With Snowplow, we want to empower our users to get the most out of their data. Where your data lives has big implications for the types of query and therefore analyses you can run on it.
Most of the time, we’re analysing data with SQL, and specifically, in Amazon Redshift. This is great a whole class of OLAP style analytics – it enables us to slice and dice different combinations of dimensions and metrics, for users, sessions, pages and other entities that we care about.
However, when we’re doing event analytics, we often want to understand the sequence that events have occurred in. We might want to know, for example:
- How long does it take users to get from point A to point B on our website or mobile app?
- What are the different paths that people take to get to point C?
- What are the different paths that people take from point D?
This type of pathing analysis is not well supported by traditional SQL databases. That’s because organising data in a tabular structure means you have to do multiple table scans and execute expensive window functions to first order events by user, and then sequence them.
Graph databases represent a new approach to storing and querying data. We’ve started experimenting with using them to try answering some of the questions above. In this blog post, we’ll cover the basics of graph databases, and start to explore some of the experimentation we’ve done with Neo4J in particular. We’ll follow this blog post with more detailed examples.
Modelling event data in graph databases
Graph databases are often talked about with reference to social networks. They are used to model data where relationships are important, and that’s why Facebook has a search tool is called ‘Graph Search’. A graph database consists of nodes, which we can consider to be objects, and directed edges, which connect nodes together. So on Facebook, your friends might be represented as nodes, their photos as nodes as well, and we can represent liking one of their photos by creating an edge between the user node and the photo node.
To find out who liked a particular photo, we only need identify the node representing that photo, and then to follow its incoming ‘LIKED’ edges and see where they end up, rather than performing a full table scan of all photos to identify the one we’re interested in, then scanning another table of likes to identify which users are linked to the photo, and then scanning the full users table to identify details about the user that liked the photo.

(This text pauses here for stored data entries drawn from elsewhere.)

(* For every prime $d$, every $n\ge 1$ and every $n$-qudit state $\rho$, the mean state $\mathcal M(\rho)$ is a minimal stabilizer-projection state (MSPS). More precisely, the set $S=\{\vec x\in V^n:|\Xi_\rho(\vec x)|=1\}$ is a subgroup of $V^n$ of size $d^r$ for some $0\le r\le n$ whose Weyl operators pairwise commute, and $\mathcal M(\rho)=P/d^{n-r}$ where $P$ is a minimal projection in the C*-algebra generated by $\{w(\vec x):\vec x\in S\}$.
   Context: Fix a prime $d$ and $n\ge1$. Let $\mathcal H=\mathbb C^d$ with computational basis $\{|k\rangle\}_{k\in\mathbb Z_d}$, $\chi(k)=e^{2\pi i k/d}$, $X|k\rangle=|k+1\rangle$, $Z|k\rangle=\chi(k)|k\rangle$. For $(p,q)\in\mathbb Z_d^2$ the Weyl operator is $w(p,q)=\chi(-2^{-1}pq)Z^pX^q$ if $d$ is odd ($2^{-1}$ the inverse of $2$ mod $d$) and $w(p,q)=i^{-pq}Z^pX^q$ if $d=2$. Let $V^n=\mathbb Z_d^n\times\mathbb Z_d^n$; for $(\vec p,\vec q)\in V^n$ set $w(\vec p,\vec q)=\bigotimes_{k=1}^n w(p_k,q_k)$ on $\mathcal H^{\otimes n}$. A state is a positive semidefinite trace-one operator. The characteristic function of $\rho$ is $\Xi_\rho(\vec p,\vec q)=\mathrm{Tr}[\rho\,w(-\vec p,-\vec q)]$, so that $\rho=d^{-n}\sum_{(\vec p,\vec q)\in V^n}\Xi_\rho(\vec p,\vec q)w(\vec p,\vec q)$. For an abelian group $S$ of Weyl operators (considered up to phases), a minimal projection of the C*-algebra $C^*(S)$ generated by $S$ is a minimal stabilizer projection associated with $S$, and a minimal stabilizer-projection state (MSPS) is such a projection divided by its rank. The mean state $\mathcal M(\rho)$ is the operator with characteristic function $\Xi_{\mathcal M(\rho)}(\vec x)=\Xi_\rho(\vec x)$ if $|\Xi_\rho(\vec x)|=1$ and $\Xi_{\mathcal M(\rho)}(\vec x)=0$ otherwise. *)

theory Defs
  imports Complex_Main "HOL-Computational_Algebra.Primes"
begin

text \<open>Operators on the n-qudit space (C^d)^{tensor n} are represented by their matrix
  kernels indexed by computational basis vectors, i.e. lists of length n with
  entries in {0..<d}.\<close>

type_synonym qop = "nat list \<Rightarrow> nat list \<Rightarrow> complex"

definition qbasis :: "nat \<Rightarrow> nat \<Rightarrow> nat list set" where
  "qbasis d n = {xs. length xs = n \<and> set xs \<subseteq> {..<d}}"

definition is_op :: "nat \<Rightarrow> nat \<Rightarrow> qop \<Rightarrow> bool" where
  "is_op d n A \<longleftrightarrow> (\<forall>x y. (x \<notin> qbasis d n \<or> y \<notin> qbasis d n) \<longrightarrow> A x y = 0)"

definition op_mult :: "nat \<Rightarrow> nat \<Rightarrow> qop \<Rightarrow> qop \<Rightarrow> qop" where
  "op_mult d n A B = (\<lambda>x y. if x \<in> qbasis d n \<and> y \<in> qbasis d n
      then (\<Sum>z\<in>qbasis d n. A x z * B z y) else 0)"

definition op_add :: "qop \<Rightarrow> qop \<Rightarrow> qop" where
  "op_add A B = (\<lambda>x y. A x y + B x y)"

definition op_smult :: "complex \<Rightarrow> qop \<Rightarrow> qop" where
  "op_smult c A = (\<lambda>x y. c * A x y)"

definition op_adj :: "qop \<Rightarrow> qop" where
  "op_adj A = (\<lambda>x y. cnj (A y x))"

definition op_trace :: "nat \<Rightarrow> nat \<Rightarrow> qop \<Rightarrow> complex" where
  "op_trace d n A = (\<Sum>x\<in>qbasis d n. A x x)"

definition is_state :: "nat \<Rightarrow> nat \<Rightarrow> qop \<Rightarrow> bool" where
  "is_state d n \<rho> \<longleftrightarrow> is_op d n \<rho> \<and> op_adj \<rho> = \<rho> \<and>
     (\<forall>v :: nat list \<Rightarrow> complex.
        0 \<le> Re (\<Sum>x\<in>qbasis d n. \<Sum>y\<in>qbasis d n. cnj (v x) * \<rho> x y * v y)) \<and>
     op_trace d n \<rho> = 1"

definition chi :: "nat \<Rightarrow> int \<Rightarrow> complex" where
  "chi d k = exp (2 * complex_of_real pi * \<i> * of_int k / of_nat d)"

text \<open>Phase of the Weyl operator w(p,q), p q in {0..<d}: chi(-2^{-1} p q) for odd d
  (2^{-1} = (d+1)/2 mod d), and i^{-pq} for d = 2.\<close>
definition wphase :: "nat \<Rightarrow> nat \<Rightarrow> nat \<Rightarrow> complex" where
  "wphase d p q = (if d = 2 then inverse (\<i> ^ (p * q))
                   else chi d (- int ((d + 1) div 2) * int p * int q))"

text \<open>Matrix entry <j| w(p,q) |k> where w(p,q) = phase * Z^p X^q,
  X|k> = |k+1>, Z|k> = chi(k)|k>; so Z^p X^q |k> = chi(p (k+q)) |k+q>.\<close>
definition weyl1 :: "nat \<Rightarrow> nat \<Rightarrow> nat \<Rightarrow> nat \<Rightarrow> nat \<Rightarrow> complex" where
  "weyl1 d p q j k = wphase d p q * (if j = (k + q) mod d then chi d (int (p * j)) else 0)"

definition Vn :: "nat \<Rightarrow> nat \<Rightarrow> (nat list \<times> nat list) set" where
  "Vn d n = qbasis d n \<times> qbasis d n"

definition vadd :: "nat \<Rightarrow> nat list \<times> nat list \<Rightarrow> nat list \<times> nat list \<Rightarrow> nat list \<times> nat list" where
  "vadd d u v = (map2 (\<lambda>a b. (a + b) mod d) (fst u) (fst v),
                 map2 (\<lambda>a b. (a + b) mod d) (snd u) (snd v))"

definition vneg :: "nat \<Rightarrow> nat list \<times> nat list \<Rightarrow> nat list \<times> nat list" where
  "vneg d u = (map (\<lambda>a. (d - a) mod d) (fst u), map (\<lambda>a. (d - a) mod d) (snd u))"

definition vzero :: "nat \<Rightarrow> nat list \<times> nat list" where
  "vzero n = (replicate n 0, replicate n 0)"

definition weyl :: "nat \<Rightarrow> nat \<Rightarrow> nat list \<times> nat list \<Rightarrow> qop" where
  "weyl d n v = (\<lambda>xs ys. if xs \<in> qbasis d n \<and> ys \<in> qbasis d n
      then (\<Prod>k<n. weyl1 d (fst v ! k) (snd v ! k) (xs ! k) (ys ! k)) else 0)"

definition charfun :: "nat \<Rightarrow> nat \<Rightarrow> qop \<Rightarrow> nat list \<times> nat list \<Rightarrow> complex" where
  "charfun d n \<rho> v = op_trace d n (op_mult d n \<rho> (weyl d n (vneg d v)))"

text \<open>Mean state: the operator whose characteristic function equals Xi_rho where
  |Xi_rho| = 1 and 0 elsewhere, written via the inversion formula
  rho = d^{-n} sum_x Xi_rho(x) w(x).\<close>
definition mean_state :: "nat \<Rightarrow> nat \<Rightarrow> qop \<Rightarrow> qop" where
  "mean_state d n \<rho> = (\<lambda>xs ys. (1 / of_nat d ^ n) *
      (\<Sum>v\<in>{v \<in> Vn d n. cmod (charfun d n \<rho> v) = 1}. charfun d n \<rho> v * weyl d n v xs ys))"

text \<open>C*-algebra generated by a set of operators (finite dimension: the *-algebra
  generated; norm closure is automatic).\<close>
inductive_set cstar_gen :: "nat \<Rightarrow> nat \<Rightarrow> qop set \<Rightarrow> qop set" for d n G where
  gen: "A \<in> G \<Longrightarrow> A \<in> cstar_gen d n G"
| add: "A \<in> cstar_gen d n G \<Longrightarrow> B \<in> cstar_gen d n G \<Longrightarrow> op_add A B \<in> cstar_gen d n G"
| smult: "A \<in> cstar_gen d n G \<Longrightarrow> op_smult c A \<in> cstar_gen d n G"
| mult: "A \<in> cstar_gen d n G \<Longrightarrow> B \<in> cstar_gen d n G \<Longrightarrow> op_mult d n A B \<in> cstar_gen d n G"
| adj: "A \<in> cstar_gen d n G \<Longrightarrow> op_adj A \<in> cstar_gen d n G"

For our needs, we want to describe a user’s journey through a website. We need to decide how to model that journey as a graph. To start off with, we only wanted to model page view events. We might naively start by adding nodes for our users and for our pages, and then create a VIEWS edge between them. But that wouldn’t allow us to track the order of these events – this is critical to the pathing analysis we wish to perform. Instead, we can consider the page view event to be an object in its own right and allocate each page view to its own View node.
These View nodes can then be linked together to put these events in order. The diagram below shows a user who has visited Page 1, then Page 2, before returning to Page 1 and finally visiting Page 3. It’s worth noting that we’re not limited to page views; page pings, link clicks, ‘Add to basket’ events and so on could all be modelled by adding extra nodes and edges. We’re using the VERB and OBJECT language so that we could generalise to these other events later. (Note that this approach builds on thinking through event grammars).
I’ve chosen to link the View events with ‘PREV’ edges, rather than ‘NEXT’, because it seems semantically more straightforward to add a ‘PREV’ edge whenever a new event happens. We can traverse in either direction though, so ‘NEXT’ can be conceived as going backwards along a ‘PREV’ edge.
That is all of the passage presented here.